On any given day, the market may fall on a big news story, only to recover the very next day. Foreign currencies fluctuate. Oil prices are all over the map. The 2020 pandemic caught the entire world off guard. With so many factors moving the market, how do you stay anchored?

With a little perspective and a financial plan that goes beyond your portfolio.

Investments are an important part of financial planning because over time, investments can help you grow your wealth. But investments lose value from time to time and if you choose (or worse if you’re forced) to sell them at that time, you’ll lock in losses. That’s why the best financial planning includes a range of financial options that reinforce each other.

Knowing that you have an emergency cash reserve, permanent life insurance cash value (which doesn’t rise and fall with the markets) and (if you’re in retirement) steady income from an annuity means that you don’t have to worry during a down market.

When the stock market gets volatile, it’s crucial to remember the specific role investments serve in your plan. If it’s for long-term growth, there’s no reason to get wrapped up in short-term turbulence.

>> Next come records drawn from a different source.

(* Let $F_*$ be the category of finite sets, with the injective maps as cofibrations and the bijections as weak equivalences. Then $F_*$ is a pre-cylinder category, and it is the free pre-cylinder category on one object $*$ (the singleton): for every pre-cylinder category $\mathcal D$, evaluation at the singleton gives an equivalence, natural in $\mathcal D$, between the category of morphisms of pre-cylinder categories $F_*\to\mathcal D$ (with natural transformations) and $\mathcal D$; the morphism corresponding to $X\in\mathcal D$ sends a finite set $S$ to the coproduct $\coprod_{s\in S}X$.
   Context: A cofibration category is a category with a class of maps called cofibrations such that isomorphisms are cofibrations, cofibrations are closed under composition, there is an initial object $0$ with every $0\to X$ a cofibration, and pushouts of cofibrations along arbitrary maps exist and are cofibrations. A pre-cylinder category is a cofibration category with an additional class of maps, the weak equivalences, containing isomorphisms, closed under composition, satisfying 2-out-of-6 (if $f,g,h$ composable with $f\circ g$ and $g\circ h$ weak equivalences then $f,g,h,f\circ g\circ h$ are) and the cube lemma: given a natural transformation between spans $B\leftarrow A\rightarrow C$ and $B'\leftarrow A'\rightarrow C'$ whose left legs $A\hookrightarrow B$, $A'\hookrightarrow B'$ are cofibrations and whose three components are weak equivalences, the induced map $B\sqcup_AC\to B'\sqcup_{A'}C'$ is a weak equivalence. A morphism of pre-cylinder categories is a functor preserving cofibrations, weak equivalences, the initial object and pushouts along cofibrations. *)

theory Defs
  imports Main "HOL-Library.FuncSet"
begin

record ('o,'a) cat =
  obj :: "'o set"
  arr :: "'a set"
  dom :: "'a \<Rightarrow> 'o"
  cod :: "'a \<Rightarrow> 'o"
  cmp :: "'a \<Rightarrow> 'a \<Rightarrow> 'a"   (* cmp C g f = g o f *)
  idt :: "'o \<Rightarrow> 'a"

definition hom :: "('o,'a,'z) cat_scheme \<Rightarrow> 'o \<Rightarrow> 'o \<Rightarrow> 'a set" where
  "hom C X Y = {f \<in> arr C. dom C f = X \<and> cod C f = Y}"

definition category :: "('o,'a,'z) cat_scheme \<Rightarrow> bool" where
  "category C \<longleftrightarrow>
     (\<forall>f\<in>arr C. dom C f \<in> obj C \<and> cod C f \<in> obj C) \<and>
     (\<forall>X\<in>obj C. idt C X \<in> hom C X X) \<and>
     (\<forall>f\<in>arr C. \<forall>g\<in>arr C. cod C f = dom C g \<longrightarrow> cmp C g f \<in> hom C (dom C f) (cod C g)) \<and>
     (\<forall>f\<in>arr C. cmp C f (idt C (dom C f)) = f \<and> cmp C (idt C (cod C f)) f = f) \<and>
     (\<forall>f\<in>arr C. \<forall>g\<in>arr C. \<forall>h\<in>arr C. cod C f = dom C g \<longrightarrow> cod C g = dom C h \<longrightarrow>
        cmp C h (cmp C g f) = cmp C (cmp C h g) f)"

definition iso :: "('o,'a,'z) cat_scheme \<Rightarrow> 'a \<Rightarrow> bool" where
  "iso C f \<longleftrightarrow> f \<in> arr C \<and> (\<exists>g \<in> hom C (cod C f) (dom C f).
       cmp C g f = idt C (dom C f) \<and> cmp C f g = idt C (cod C f))"

definition initial :: "('o,'a,'z) cat_scheme \<Rightarrow> 'o \<Rightarrow> bool" where
  "initial C I \<longleftrightarrow> I \<in> obj C \<and> (\<forall>X\<in>obj C. \<exists>!f. f \<in> hom C I X)"

definition pushout :: "('o,'a,'z) cat_scheme \<Rightarrow> 'a \<Rightarrow> 'a \<Rightarrow> 'a \<Rightarrow> 'a \<Rightarrow> bool" where
  "pushout C i f j k \<longleftrightarrow>
     i \<in> arr C \<and> f \<in> arr C \<and> j \<in> arr C \<and> k \<in> arr C \<and>
     dom C i = dom C f \<and> dom C j = cod C i \<and> dom C k = cod C f \<and> cod C j = cod C k \<and>
     cmp C j i = cmp C k f \<and>
     (\<forall>Q\<in>obj C. \<forall>u\<in>hom C (cod C i) Q. \<forall>v\<in>hom C (cod C f) Q.
        cmp C u i = cmp C v f \<longrightarrow>
        (\<exists>!h. h \<in> hom C (cod C j) Q \<and> cmp C h j = u \<and> cmp C h k = v))"

definition coproduct :: "('o,'a,'z) cat_scheme \<Rightarrow> ('i \<Rightarrow> 'o) \<Rightarrow> 'i set \<Rightarrow> 'o \<Rightarrow> ('i \<Rightarrow> 'a) \<Rightarrow> bool" where
  "coproduct C Xs I P j \<longleftrightarrow>
     P \<in> obj C \<and> (\<forall>s\<in>I. Xs s \<in> obj C \<and> j s \<in> hom C (Xs s) P) \<and>
     (\<forall>Y\<in>obj C. \<forall>g. (\<forall>s\<in>I. g s \<in> hom C (Xs s) Y) \<longrightarrow>
        (\<exists>!h. h \<in> hom C P Y \<and> (\<forall>s\<in>I. cmp C h (j s) = g s)))"

record ('o,'a) pccat = "('o,'a) cat" +
  cof :: "'a set"
  weq :: "'a set"

definition cofibration_category :: "('o,'a,'z) pccat_scheme \<Rightarrow> bool" where
  "cofibration_category C \<longleftrightarrow>
     category C \<and> cof C \<subseteq> arr C \<and>
     (\<forall>f. iso C f \<longrightarrow> f \<in> cof C) \<and>
     (\<forall>f\<in>cof C. \<forall>g\<in>cof C. cod C f = dom C g \<longrightarrow> cmp C g f \<in> cof C) \<and>
     (\<exists>I. initial C I \<and> (\<forall>X\<in>obj C. \<forall>f\<in>hom C I X. f \<in> cof C)) \<and>
     (\<forall>i\<in>cof C. \<forall>f\<in>arr C. dom C f = dom C i \<longrightarrow> (\<exists>j k. pushout C i f j k)) \<and>
     (\<forall>i f j k. pushout C i f j k \<longrightarrow> i \<in> cof C \<longrightarrow> k \<in> cof C)"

Why you shouldn’t fear volatility in the market

Let’s say you commute to work every single day. You’re probably going to take the fastest, most efficient route. In normal conditions, this is the path you’ll stick to, day in and day out.

Building a long-term financial plan isn’t all that different. When you’ve appropriately balanced your risk, put safeguards around what you have and maintain a clear vision of where you want to go, you’re establishing the most efficient route to your ultimate destination.

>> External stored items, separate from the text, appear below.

lemma interval_closed_Diff_singleton_iff:
  assumes "interval_closed S" and "x \<in> S"
  shows "interval_closed (S - {x}) \<longleftrightarrow> \<not> ((\<exists>p\<in>S. p < x) \<and> (\<exists>q\<in>S. x < q))"
proof
  assume ic: "interval_closed (S - {x})"
  show "\<not> ((\<exists>p\<in>S. p < x) \<and> (\<exists>q\<in>S. x < q))"
  proof (intro notI; elim conjE bexE)
    fix p q assume "p \<in> S" "p < x" "q \<in> S" "x < q"
    then show False
      using ic[unfolded interval_closed_def, rule_format, of p q x] by (blast dest: less_imp_le less_imp_neq)
  qed
next
  assume no_gap: "\<not> ((\<exists>p\<in>S. p < x) \<and> (\<exists>q\<in>S. x < q))"
  show "interval_closed (S - {x})"
    unfolding interval_closed_def
  proof (intro ballI allI impI)
    fix p q z assume p: "p \<in> S - {x}" and q: "q \<in> S - {x}" and pzq: "p \<le> z \<and> z \<le> q"
    then have "z \<in> S"
      using assms(1) unfolding interval_closed_def by blast
    moreover have "z \<noteq> x"
    proof
      assume "z = x"
      with p q pzq have "p < x" "x < q" by (auto simp: order_le_less)
      with p q no_gap show False by auto
    qed
    ultimately show "z \<in> S - {x}" by simp
  qed
qed

lemma interval_closed_insert_iff:
  assumes "interval_closed S" and "x \<notin> S"
  shows "interval_closed (insert x S) \<longleftrightarrow>
    \<not> (\<exists>z q. x < z \<and> z \<le> q \<and> q \<in> S \<and> z \<notin> S) \<and> \<not> (\<exists>p z. p \<le> z \<and> z < x \<and> p \<in> S \<and> z \<notin> S)"
proof
  assume ic: "interval_closed (insert x S)"
  show "\<not> (\<exists>z q. x < z \<and> z \<le> q \<and> q \<in> S \<and> z \<notin> S) \<and> \<not> (\<exists>p z. p \<le> z \<and> z < x \<and> p \<in> S \<and> z \<notin> S)"
  proof (intro conjI notI; elim exE conjE)
    fix z q assume "x < z" "z \<le> q" "q \<in> S" "z \<notin> S"
    then show False
      using ic[unfolded interval_closed_def, rule_format, of x q z] by (blast dest: less_imp_le less_imp_neq)
  next
    fix p z assume "p \<le> z" "z < x" "p \<in> S" "z \<notin> S"
    then show False
      using ic[unfolded interval_closed_def, rule_format, of p x z] by (blast dest: less_imp_le less_imp_neq)
  qed
next
  assume no_gap: "\<not> (\<exists>z q. x < z \<and> z \<le> q \<and> q \<in> S \<and> z \<notin> S) \<and> \<not> (\<exists>p z. p \<le> z \<and> z < x \<and> p \<in> S \<and> z \<notin> S)"
  show "interval_closed (insert x S)"
    unfolding interval_closed_def
  proof (intro ballI allI impI)
    fix p q z assume p: "p \<in> insert x S" and q: "q \<in> insert x S" and pzq: "p \<le> z \<and> z \<le> q"
    show "z \<in> insert x S"
    proof (cases "z = x")
      case False
      consider "p = x" "q = x" | "p = x" "q \<in> S" | "p \<in> S" "q = x" | "p \<in> S" "q \<in> S"
        using p q by blast
      then show ?thesis
      proof cases
        case 1
        with pzq have "z = x" by (blast intro: order.antisym)
        with False show ?thesis by simp
      next
        case 2
        with pzq False have "x < z" by (simp add: order_le_less)
        with 2 pzq no_gap show ?thesis by blast
      next
        case 3
        with pzq False have "z < x" by (simp add: order_le_less)
        with 3 pzq no_gap show ?thesis by blast
      next
        case 4
        with pzq assms(1) show ?thesis unfolding interval_closed_def by blast
      qed
    qed simp
  qed
qed

lemma interval_closed_toggle: "interval_closed S \<Longrightarrow> interval_closed (toggle x S)"
  unfolding toggle_def Let_def by auto

lemma interval_closed_foldr_toggle: "interval_closed I \<Longrightarrow> interval_closed (foldr toggle xs I)"
  by (induction xs) (simp_all add: interval_closed_toggle)

text \<open>
  The two clauses say that removing \<open>x \<in> I\<close>, resp. inserting \<open>x \<notin> I\<close>, succeeds exactly when
  \<open>x \<notin> R\<close>, resp. \<open>x \<in> R\<close>, in the state that is \<open>R\<close> above \<open>x\<close> and \<open>I\<close> below \<open>x\<close>.
\<close>
definition row_conditions :: "('a::order) set \<Rightarrow> 'a set \<Rightarrow> bool" where
  "row_conditions I R \<longleftrightarrow>
    (\<forall>x\<in>I. x \<in> R \<longleftrightarrow> (\<exists>a\<in>I. a < x) \<and> (\<exists>b\<in>R. x < b)) \<and>
    (\<forall>x. x \<notin> I \<longrightarrow> (x \<in> R \<longleftrightarrow>
       \<not> (\<exists>z b. x < z \<and> z \<le> b \<and> b \<in> R \<and> z \<notin> R) \<and> \<not> (\<exists>a z. a \<le> z \<and> z < x \<and> a \<in> I \<and> z \<notin> I)))"

lemma row_conditions_mem:
  "row_conditions I R \<Longrightarrow> x \<in> I \<Longrightarrow> x \<in> R \<longleftrightarrow> (\<exists>a\<in>I. a < x) \<and> (\<exists>b\<in>R. x < b)"
  unfolding row_conditions_def by blast

lemma row_conditions_not_mem:
  "row_conditions I R \<Longrightarrow> x \<notin> I \<Longrightarrow> x \<in> R \<longleftrightarrow>
     \<not> (\<exists>z b. x < z \<and> z \<le> b \<and> b \<in> R \<and> z \<notin> R) \<and> \<not> (\<exists>a z. a \<le> z \<and> z < x \<and> a \<in> I \<and> z \<notin> I)"
  unfolding row_conditions_def by blast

“When you build a financial plan, you’re coming up with the route you’ll take every single day to reach your end goal – maybe it’s retirement, college savings or something else,” says Brent Schutte, Northwestern Mutual Wealth Management Company Chief Investment Officer. “The most important thing is to stick to that path every single day. Long-term investing, time and again, has been shown to work.”

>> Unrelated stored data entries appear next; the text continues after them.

(* Let $n\ge1$ and let $(\xi_i,\mathcal{F}_i)_{i=0,\dots,n}$ be a sequence of real-valued martingale differences on $(\Omega,\mathcal{F},\mathbf{P})$ with $\xi_0=0$, $\{\emptyset,\Omega\}=\mathcal{F}_0\subseteq\cdots\subseteq\mathcal{F}_n\subseteq\mathcal{F}$ and $\mathbf{E}[\xi_i\mid\mathcal{F}_{i-1}]=0$. Let $S_k=\sum_{i=1}^k\xi_i$ and $\langle S\rangle_k=\sum_{i=1}^k\mathbf{E}[\xi_i^2\mid\mathcal{F}_{i-1}]$. Let $p\ge2$ and $\delta>0$, and assume $\mathbf{E}[|\xi_i|^{p+\delta}]<\infty$ for all $i\in[1,n]$. Then for all $x,v>0$, $$\mathbf{P}\big(S_k\ge x\text{ and }\langle S\rangle_k\le v^2\text{ for some }k\in[1,n]\big)\le\exp\Bigg\{-\frac{x^2}{2\big(v^2+\frac13x^{(2p+\delta)/(p+\delta)}\big)}\Bigg\}+\frac{1}{x^p}\sum_{i=1}^n\mathbf{E}\Big[|\xi_i|^{p+\delta}\mathbf{1}_{\{\xi_i>x^{p/(p+\delta)}\}}\Big].$$ *)

theory Defs
  imports "HOL-Probability.Probability"
begin

definition mart_sum :: "(nat \<Rightarrow> 'a \<Rightarrow> real) \<Rightarrow> nat \<Rightarrow> 'a \<Rightarrow> real" where
  "mart_sum \<xi> k \<omega> = (\<Sum>i=1..k. \<xi> i \<omega>)"

definition cond_var_sum :: "'a measure \<Rightarrow> (nat \<Rightarrow> 'a measure) \<Rightarrow> (nat \<Rightarrow> 'a \<Rightarrow> real) \<Rightarrow> nat \<Rightarrow> 'a \<Rightarrow> real" where
  "cond_var_sum M F \<xi> k \<omega> = (\<Sum>i=1..k. real_cond_exp M (F (i - 1)) (\<lambda>w. (\<xi> i w)\<^sup>2) \<omega>)"

end

theory Submission
  imports Defs
begin

text \<open>
  Truncate the increments at \<open>y = x powr (p / (p + \<delta>))\<close>. If no \<open>\<xi>\<^sub>i\<close> exceeds \<open>y\<close>, then \<open>S\<^sub>k\<close>
  coincides with the sum of the truncated increments \<open>min \<xi>\<^sub>i y\<close>; the event that some \<open>\<xi>\<^sub>i > y\<close>
  is handled by a union bound and Markov's inequality, using \<open>y powr (p + \<delta>) = x powr p\<close>.
  For the truncated increments, Bernstein's inequality \<open>exp s \<le> 1 + s + s\<^sup>2 / (2 (1 - a/3))\<close>
  for \<open>s \<le> a < 3\<close> makes
  \<open>Z\<^sub>k = exp (\<lambda> (min \<xi>\<^sub>1 y + \<dots> + min \<xi>\<^sub>k y) - \<lambda>\<^sup>2 / (2 (1 - \<lambda> y / 3)) \<langle>S\<rangle>\<^sub>k)\<close>
  a nonnegative supermartingale, so
  Ville's maximal inequality bounds the probability that it ever reaches
  \<open>exp (\<lambda> x - \<lambda>\<^sup>2 / (2 (1 - \<lambda> y / 3)) v\<^sup>2)\<close>. The choice \<open>\<lambda> = x / (v\<^sup>2 + x y / 3)\<close> gives the
  exponential term.
\<close>

lemma two_mult_three_pow_le_fact: "2 * 3 ^ n \<le> (fact (n + 2) :: real)"
proof (induction n)
  case (Suc n)
  have "2 * 3 ^ Suc n = 3 * (2 * 3 ^ n :: real)" by simp
  also have "\<dots> \<le> real (n + 3) * fact (n + 2)"
    using Suc.IH by (intro mult_mono) auto
  also have "\<dots> = fact (Suc n + 2)" by (simp add: algebra_simps)
  finally show ?case .
qed simp

lemma exp_le_Bernstein_nonneg:
  fixes s :: real
  assumes "0 \<le> s" "s < 3"
  shows "exp s \<le> 1 + s + s\<^sup>2 / (2 * (1 - s / 3))"
proof -
  have tail: "summable (\<lambda>n. inverse (fact (n + 2)) * s ^ (n + 2))"
    using summable_ignore_initial_segment[OF summable_exp_generic[of s], of 2] by simp
  have geom: "summable (\<lambda>n. s\<^sup>2 / 2 * (s / 3) ^ n)"
    using assms by (intro summable_mult summable_geometric) auto
  have term_le: "inverse (fact (n + 2)) * s ^ (n + 2) \<le> s\<^sup>2 / 2 * (s / 3) ^ n" for n
  proof -
    have "inverse (fact (n + 2)) * s ^ (n + 2) = s\<^sup>2 * s ^ n / fact (n + 2)"
      by (simp add: power_add divide_inverse ac_simps power2_eq_square)
    also have "\<dots> \<le> s\<^sup>2 * s ^ n / (2 * 3 ^ n)"
      using two_mult_three_pow_le_fact[of n] assms by (intro divide_left_mono) auto
    also have "\<dots> = s\<^sup>2 / 2 * (s / 3) ^ n" by (simp add: power_divide)
    finally show ?thesis .
  qed
  have "(\<Sum>n. inverse (fact (n + 2)) * s ^ (n + 2)) \<le> (\<Sum>n. s\<^sup>2 / 2 * (s / 3) ^ n)"
    by (rule suminf_le[OF term_le tail geom])
  also have "\<dots> = s\<^sup>2 / (2 * (1 - s / 3))"
    using assms by (subst suminf_mult) (auto simp: suminf_geometric)
  finally show ?thesis using exp_first_two_terms[of s] by simp
qed

lemma exp_le_quadratic_nonpos:
  fixes s :: real
  assumes "s \<le> 0"
  shows "exp s \<le> 1 + s + s\<^sup>2 / 2"
proof -
  let ?f = "\<lambda>t. 1 + t + t\<^sup>2 / 2 - exp t"
  have "?f 0 \<le> ?f s"
  proof (rule DERIV_nonpos_imp_nonincreasing[OF assms])
    fix t assume "s \<le> t" "t \<le> 0"
    have "DERIV ?f t :> 1 + t - exp t"
      by (auto intro!: derivative_eq_intros)
    moreover have "1 + t - exp t \<le> 0"
      using exp_ge_add_one_self[of t] by simp
    ultimately show "\<exists>d. DERIV ?f t :> d \<and> d \<le> 0" by blast
  qed
  then show ?thesis by simp
qed

lemma exp_le_Bernstein:
  fixes s a :: real
  assumes "s \<le> a" "0 \<le> a" "a < 3"
  shows "exp s \<le> 1 + s + s\<^sup>2 / (2 * (1 - a / 3))"
proof (cases "s \<le> 0")
  case True
  have "s\<^sup>2 / 2 \<le> s\<^sup>2 / (2 * (1 - a / 3))"
    using assms by (intro divide_left_mono) auto
  then show ?thesis using exp_le_quadratic_nonpos[OF True] by linarith
next
  case False
  have "s\<^sup>2 / (2 * (1 - s / 3)) \<le> s\<^sup>2 / (2 * (1 - a / 3))"
    using assms False by (intro divide_left_mono) (auto intro!: mult_pos_pos)
  then show ?thesis using exp_le_Bernstein_nonneg[of s] assms False by simp
qed

lemma exp_mult_min_le_quadratic:
  fixes l t y :: real
  assumes "0 < l" "0 \<le> y" "l * y < 3"
  shows "exp (l * min t y) \<le> 1 + l * t + l\<^sup>2 / (2 * (1 - l * y / 3)) * t\<^sup>2"
proof -
  have "exp (l * min t y) \<le> 1 + l * min t y + (l * min t y)\<^sup>2 / (2 * (1 - l * y / 3))"
    using assms by (intro exp_le_Bernstein) (auto simp: mult_left_mono)
  also have "\<dots> = 1 + l * min t y + l\<^sup>2 / (2 * (1 - l * y / 3)) * (min t y)\<^sup>2"
    by (simp add: power_mult_distrib)
  also have "\<dots> \<le> 1 + l * t + l\<^sup>2 / (2 * (1 - l * y / 3)) * t\<^sup>2"
  proof -
    have "\<bar>min t y\<bar> \<le> \<bar>t\<bar>" using assms by auto
    then have "(min t y)\<^sup>2 \<le> t\<^sup>2" by (simp add: abs_le_square_iff)
    then show ?thesis
      using assms by (intro add_mono mult_left_mono) auto
  qed
  finally show ?thesis .
qed

lemma integrable_bounded_mult:
  fixes f g :: "'a \<Rightarrow> real"
  assumes "integrable M f" "g \<in> borel_measurable M" "AE \<omega> in M. \<bar>g \<omega>\<bar> \<le> C"
  shows "integrable M (\<lambda>\<omega>. g \<omega> * f \<omega>)"
proof (rule Bochner_Integration.integrable_bound[where f="\<lambda>\<omega>. C * f \<omega>"])
  show "AE \<omega> in M. norm (g \<omega> * f \<omega>) \<le> norm (C * f \<omega>)"
    using assms(3) by eventually_elim (auto simp: abs_mult intro: mult_right_mono)
qed (use assms borel_measurable_integrable in auto)

lemma integral_mult_quadratic_eq_cond_exp:
  fixes X W :: "'a \<Rightarrow> real"
  assumes G: "subalgebra M G" and "finite_measure M"
    and X: "integrable M X" and X2: "integrable M (\<lambda>\<omega>. (X \<omega>)\<^sup>2)"
    and centered: "AE \<omega> in M. real_cond_exp M G X \<omega> = 0"
    and WG [measurable]: "W \<in> borel_measurable G" and W_le: "AE \<omega> in M. \<bar>W \<omega>\<bar> \<le> C"
  shows "(\<integral>\<omega>. W \<omega> * (1 + a * X \<omega> + b * (X \<omega>)\<^sup>2) \<partial>M)
    = (\<integral>\<omega>. W \<omega> * (1 + b * real_cond_exp M G (\<lambda>w. (X w)\<^sup>2) \<omega>) \<partial>M)"
proof -
  interpret finite_measure M by fact
  interpret finite_measure_subalgebra M G by unfold_locales (rule G)
  have WM [measurable]: "W \<in> borel_measurable M" by (rule measurable_from_subalg[OF G WG])
  note W_times = integrable_bounded_mult[OF _ WM W_le]
  have W: "integrable M W" using W_times[of "\<lambda>_. 1"] by simp
  have "(\<integral>\<omega>. W \<omega> * X \<omega> \<partial>M) = (\<integral>\<omega>. W \<omega> * real_cond_exp M G X \<omega> \<partial>M)"
    using W_times[OF X] X by (intro real_cond_exp_intg(2)[symmetric]) auto
  also have "\<dots> = 0"
    using centered by (subst integral_cong_AE[where g="\<lambda>_. 0"]) auto
  finally have "(\<integral>\<omega>. W \<omega> * X \<omega> \<partial>M) = 0" .
  moreover have "(\<integral>\<omega>. W \<omega> * (X \<omega>)\<^sup>2 \<partial>M) = (\<integral>\<omega>. W \<omega> * real_cond_exp M G (\<lambda>w. (X w)\<^sup>2) \<omega> \<partial>M)"
    using W_times[OF X2] X2 by (intro real_cond_exp_intg(2)[symmetric]) auto
  moreover have "integrable M (\<lambda>\<omega>. W \<omega> * real_cond_exp M G (\<lambda>w. (X w)\<^sup>2) \<omega>)"
    using X2 by (intro W_times) auto
  ultimately show ?thesis
    using W W_times[OF X] W_times[OF X2] by (simp add: algebra_simps)
qed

Here’s a quick case-in-point. If you had invested $10,000 in an index fund that tracked the S&P 500 on Oct. 9, 2007, your timing was less than ideal. That was the day the market peaked just before financial crises pushed the economy into the Great Recession. By February 2009, that investment would be worth less than $4,500. However, by November 2012 you would have broken even. And if you let it sit, remained patient and stuck to your guns, that investment would be worth more than three times as much today with dividends reinvested.

If you panicked in 2009 and decided to veer off your path and try an entirely new route to reach your destination – or changed it altogether – you would have missed out on significant growth. That’s why at Northwestern Mutual we always recommend stocks as long-term holdings. When viewed with this perspective, a traffic jam – or a volatile stock market – shouldn’t be pushing your stress levels through the roof.

“Investors shouldn’t jump into the market with the mindset that they are buying equities for anything other than the long-term,” says Schutte. “Despite all the press and time dedicated to the near-term investing prospects, long-term investing and prudent asset allocation are what drives financial success.”

When strategic financial planning shines

When the stock market gets rocky and headlines spell doom and gloom, Schutte suggests taking a step back looking at the whole plan. Every single component should, in its own way, be carrying you to your destination.

This is where the objective advice and expertise of a financial professional can really shine. Sometimes, there’s a jack-knifed semi blocking all four lanes of traffic on your route to work. Google Maps may suggest a quick detour that'll take you down along a different route for a short time, but you’ll get back onto your normal route once you’re past the trouble. Financial pros can do the same for your long-term plan by determining your weighting in equities and bonds.

Do you hold 50 percent bonds and 50 percent stocks? Is it an 80/20 split? This is a crucial decision that shapes the route you take to your end goal. As the icing on the cake, a financial pro will further refine your equity allocation to further optimize your risk balance.

“Think of that as the tilts we may make, or the slight overweights and underweights in certain sectors of the economy or parts of the world,” says Schutte. “It’s my job to get you to your end destination, hopefully a bit faster and more comfortably.”

If you’re closer to retirement, evaluating your portfolio may be more about managing risk. Are you comfortable with your exposure to riskier assets? Do you have an adequate mix of guaranteed and variable income streams to meet your needs as retirement approaches? Is it time to think about an annuity? Have you accumulated enough cash value in a permanent life insurance policy that you could use in the event of a recession? These are all questions worth discussing with a financial professional.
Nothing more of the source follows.